Work to be completed:
With the line containing "by (rule prob_spaced_blocks_miss_colour_le[OF" as the starting point, output the remaining lines of the data exactly as they are, through the last.

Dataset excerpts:

——

lemma prob_AP_misses_colour_le:
  assumes r: "2 \<le> r" and c: "c < r" and pos: "0 < b" "0 < a" and "b < d"
    and AP_le: "a + (t - 1) * d \<le> M"
  shows "measure_pmf.prob (row_choice r b M) {\<sigma>. AP_misses_colour r b M \<sigma> t a d c}
         \<le> (1 - 1 / (real r)\<^sup>2) ^ ((t - 1) div (2 * r + 1))"
proof -
  define n where "n = (t - 1) div (2 * r + 1)"
  define Q where "Q j = block_of b (a + (2 * r + 1) * j * d)" for j
  have index_le: "(2 * r + 1) * j + 1 \<le> t - 1" if "j < n" for j
  proof -
    have "(2 * r + 1) * j + 1 \<le> (2 * r + 1) * Suc j"
      by simp
    also have "\<dots> \<le> (2 * r + 1) * n"
      using that by (intro mult_le_mono2) simp
    also have "\<dots> \<le> t - 1"
      unfolding n_def by (rule times_div_less_eq_dividend)
    finally show ?thesis .
  qed
  have in_range: "Q j + 1 < nblocks b M" if "j < n" for j
  proof -
    have last_term: "a + ((2 * r + 1) * j + 1) * d \<le> M"
      using index_le[OF that] AP_le by (meson add_left_mono le_trans mult_le_mono1)
    have "Q j + 1 \<le> block_of b (a + ((2 * r + 1) * j + 1) * d)"
      unfolding Q_def using pos \<open>b < d\<close> by (intro block_of_AP_gap) auto
    also have "\<dots> < nblocks b M"
      using pos last_term by (intro block_of_less_nblocks) auto
    finally show ?thesis .
  qed
  have spaced: "Q j + 2 * r + 1 \<le> Q j'" if "j < j'" for j j'
  proof -
    have "(2 * r + 1) * j + (2 * r + 1) \<le> (2 * r + 1) * j'"
      using that by (metis Suc_leI mult_Suc_right mult_le_mono2 add.commute)
    then show ?thesis
      unfolding Q_def using pos \<open>b < d\<close> block_of_AP_gap by (metis add.assoc)
  qed
  have "\<forall>j<n. \<not> (label r \<sigma> (Q j) = c \<and> label r \<sigma> (Q j + 1) = c)"
    if "AP_misses_colour r b M \<sigma> t a d c" for \<sigma>
  proof (intro allI impI)
    fix j assume "j < n"
    then have "(2 * r + 1) * j < t"
      using index_le by fastforce
    with that show "\<not> (label r \<sigma> (Q j) = c \<and> label r \<sigma> (Q j + 1) = c)"
      using in_range[OF \<open>j < n\<close>] unfolding AP_misses_colour_def Q_def by blast
  qed
  then have "{\<sigma>. AP_misses_colour r b M \<sigma> t a d c} \<subseteq>
        {\<sigma>. \<forall>j<n. \<not> (label r \<sigma> (Q j) = c \<and> label r \<sigma> (Q j + 1) = c)}"
    by blast
  then have "measure_pmf.prob (row_choice r b M) {\<sigma>. AP_misses_colour r b M \<sigma> t a d c}
      \<le> measure_pmf.prob (row_choice r b M)
          {\<sigma>. \<forall>j<n. \<not> (label r \<sigma> (Q j) = c \<and> label r \<sigma> (Q j + 1) = c)}"
    by (rule measure_pmf.finite_measure_mono) simp
  also have "\<dots> \<le> (1 - 1 / (real r)\<^sup>2) ^ n"
    by (rule prob_spaced_blocks_miss_colour_le[OF r c in_range spaced])
  finally show ?thesis
    by (simp add: n_def)
qed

——

Task result:
    by (rule prob_spaced_blocks_miss_colour_le[OF r c in_range spaced])
  finally show ?thesis
    by (simp add: n_def)
qed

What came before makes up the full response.